DATA TO USE =>
+--

(* Let $E,F$ be normed spaces over $\mathbb K$ with $F$ spherically complete, let $D\subseteq E$ be a linear subspace and $S\in\mathcal L(D,F)$. Let $\mathcal U\subseteq\mathcal L(E,F)$ be nonempty and for each $U\in\mathcal U$ let $\epsilon_U>0$ be such that $\|U-V\|\le\max(\epsilon_U,\epsilon_V)$ for all $U,V\in\mathcal U$, and $\|Sx-Ux\|\le\epsilon_U\|x\|$ for all $U\in\mathcal U$ and $x\in D$. Then there exists $\overline S\in\mathcal L(E,F)$ with $\overline S|_D=S$ and $\|\overline S-U\|\le\epsilon_U$ for every $U\in\mathcal U$.
   Context: $\mathbb K$: nontrivially normed field with ultrametric absolute value; normed space over $\mathbb K$: normed vector space with $\|x+y\|\le\max(\|x\|,\|y\|)$. $\mathcal L(X,Y)$ is the space of continuous linear maps with operator norm. Spherically complete: every decreasing sequence of closed balls (radii $\ge0$) has nonempty intersection. *)

theory Defs
  imports Complex_Main
begin

definition nonarch_valued_field :: "('k::field \<Rightarrow> real) \<Rightarrow> bool" where
  "nonarch_valued_field absK \<longleftrightarrow>
     (\<forall>a. absK a \<ge> 0) \<and> (\<forall>a. absK a = 0 \<longleftrightarrow> a = 0) \<and>
     (\<forall>a b. absK (a * b) = absK a * absK b) \<and>
     (\<forall>a b. absK (a + b) \<le> max (absK a) (absK b)) \<and>
     (\<exists>a. absK a \<noteq> 0 \<and> absK a \<noteq> 1)"

definition ultra_normed_space ::
  "('k::field \<Rightarrow> real) \<Rightarrow> ('k \<Rightarrow> 'v::ab_group_add \<Rightarrow> 'v) \<Rightarrow> ('v \<Rightarrow> real) \<Rightarrow> bool" where
  "ultra_normed_space absK sm nv \<longleftrightarrow>
     (\<forall>a x y. sm a (x + y) = sm a x + sm a y) \<and>
     (\<forall>a b x. sm (a + b) x = sm a x + sm b x) \<and>
     (\<forall>a b x. sm (a * b) x = sm a (sm b x)) \<and>
     (\<forall>x. sm 1 x = x) \<and>
     (\<forall>x. nv x \<ge> 0) \<and> (\<forall>x. nv x = 0 \<longleftrightarrow> x = 0) \<and>
     (\<forall>a x. nv (sm a x) = absK a * nv x) \<and>
     (\<forall>x y. nv (x + y) \<le> max (nv x) (nv y))"

definition ncball :: "('v::ab_group_add \<Rightarrow> real) \<Rightarrow> 'v \<Rightarrow> real \<Rightarrow> 'v set" where
  "ncball nv c r = {y. nv (y - c) \<le> r}"

definition spherically_complete :: "('v::ab_group_add \<Rightarrow> real) \<Rightarrow> bool" where
  "spherically_complete nv \<longleftrightarrow>
     (\<forall>(c::nat \<Rightarrow> 'v) (r::nat \<Rightarrow> real).
        (\<forall>n. r n \<ge> 0) \<and> (\<forall>n. ncball nv (c (Suc n)) (r (Suc n)) \<subseteq> ncball nv (c n) (r n))
        \<longrightarrow> (\<Inter>n. ncball nv (c n) (r n)) \<noteq> {})"

definition linear_subspace :: "('k \<Rightarrow> 'v::ab_group_add \<Rightarrow> 'v) \<Rightarrow> 'v set \<Rightarrow> bool" where
  "linear_subspace sm D \<longleftrightarrow> 0 \<in> D \<and> (\<forall>x\<in>D. \<forall>y\<in>D. x + y \<in> D) \<and> (\<forall>a. \<forall>x\<in>D. sm a x \<in> D)"

definition cont_linear_on ::
  "('k \<Rightarrow> 'v::ab_group_add \<Rightarrow> 'v) \<Rightarrow> ('v \<Rightarrow> real) \<Rightarrow> ('k \<Rightarrow> 'w::ab_group_add \<Rightarrow> 'w) \<Rightarrow> ('w \<Rightarrow> real)
    \<Rightarrow> 'v set \<Rightarrow> ('v \<Rightarrow> 'w) \<Rightarrow> bool" where
  "cont_linear_on smv nv smw nw X T \<longleftrightarrow>
     (\<forall>x\<in>X. \<forall>y\<in>X. T (x + y) = T x + T y) \<and>
     (\<forall>a. \<forall>x\<in>X. T (smv a x) = smw a (T x)) \<and>
     (\<forall>x\<in>X. \<forall>e>0. \<exists>d>0. \<forall>y\<in>X. nv (y - x) < d \<longrightarrow> nw (T y - T x) < e)"

definition opnorm :: "('v::ab_group_add \<Rightarrow> real) \<Rightarrow> ('w \<Rightarrow> real) \<Rightarrow> 'v set \<Rightarrow> ('v \<Rightarrow> 'w) \<Rightarrow> real" where
  "opnorm nv nw X T = Sup ({nw (T x) / nv x | x. x \<in> X \<and> x \<noteq> 0} \<union> {0})"

end

(*
  By Zorn's lemma there is a maximal linear map T on a subspace M containing D that extends S
  and satisfies nF (T x - U x) \<le> eps U * nE x for all U in the family.  For z outside M, a
  value w for T z is admissible exactly when w lies in every ball with centre U (z + m) - T m
  and radius eps U * nE (z + m), for m in M and U in the family.  The ultrametric inequality
  and the hypothesis on U - V make these balls meet pairwise, and in a spherically complete
  space such a family, not only a nested sequence, has a common point; so M is everything.
  The extension is continuous because it stays within eps U * nE x of a continuous U.
*)

theory Submission
  imports Defs
begin

lemma exists_nonincreasing_seq_to_Inf:
  fixes r :: "'a \<Rightarrow> real"
  assumes "I \<noteq> {}" "bdd_below (r ` I)"
  shows "\<exists>f. \<forall>n. f n \<in> I \<and> r (f n) < Inf (r ` I) + 1 / Suc n \<and> r (f (Suc n)) \<le> r (f n)"
proof -
  have near_inf: "\<exists>j\<in>I. r j < Inf (r ` I) + e" if "e > 0" for e
    using cInf_lessD[of "r ` I" "Inf (r ` I) + e"] assms(1) that by auto
  have "\<exists>f. \<forall>n. (f n \<in> I \<and> r (f n) < Inf (r ` I) + 1 / Suc n) \<and> r (f (Suc n)) \<le> r (f n)"
  proof (rule dependent_nat_choice)
    show "\<exists>i. i \<in> I \<and> r i < Inf (r ` I) + 1 / Suc 0"
      using near_inf[of 1] by auto
  next
    fix i n assume i: "i \<in> I \<and> r i < Inf (r ` I) + 1 / Suc n"
    show "\<exists>j. (j \<in> I \<and> r j < Inf (r ` I) + 1 / Suc (Suc n)) \<and> r j \<le> r i"
    proof (cases "r i < Inf (r ` I) + 1 / Suc (Suc n)")
      case False
      then show ?thesis
        using near_inf[of "1 / Suc (Suc n)"] by force
    qed (use i in auto)
  qed
  then show ?thesis
    by blast
qed

lemma exists_power_int_bracket:
  fixes c a :: real
  assumes "c > 1" "a > 0"
  shows "\<exists>k. c powi k \<le> a \<and> a < c powi (k + 1)"
proof
  let ?k = "\<lfloor>log c a\<rfloor>"
  have powr_eq: "c powr real_of_int k = c powi k" for k
    using assms(1) by (simp add: powr_real_of_int')
  have "c powr ?k \<le> a \<and> a < c powr (?k + 1)"
    using floor_log_eq_powr_iff[OF assms(2,1)] by blast
  then show "c powi ?k \<le> a \<and> a < c powi (?k + 1)"
    using powr_eq[of "?k + 1"] by (simp add: powr_eq)
qed

locale nonarch_field =
  fixes absK :: "'k::field \<Rightarrow> real"
  assumes nonarch_valued_field: "nonarch_valued_field absK"
begin

lemma absK_nonneg: "absK a \<ge> 0"
  and absK_eq_0_iff: "absK a = 0 \<longleftrightarrow> a = 0"
  and absK_mult: "absK (a * b) = absK a * absK b"
  using nonarch_valued_field unfolding nonarch_valued_field_def by auto

lemma absK_zero [simp]: "absK 0 = 0"
  by (simp add: absK_eq_0_iff)

lemma absK_one [simp]: "absK 1 = 1"
  using absK_mult[of 1 1] absK_eq_0_iff[of 1] by (metis mult_cancel_left1 one_neq_zero)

+--

EXERCISE INSTRUCTIONS => Check each line of the listing above. Copy the ones with the word "opnorm".

TASK SOLUTION =>
definition opnorm :: "('v::ab_group_add \<Rightarrow> real) \<Rightarrow> ('w \<Rightarrow> real) \<Rightarrow> 'v set \<Rightarrow> ('v \<Rightarrow> 'w) \<Rightarrow> real" where
  "opnorm nv nw X T = Sup ({nw (T x) / nv x | x. x \<in> X \<and> x \<noteq> 0} \<union> {0})"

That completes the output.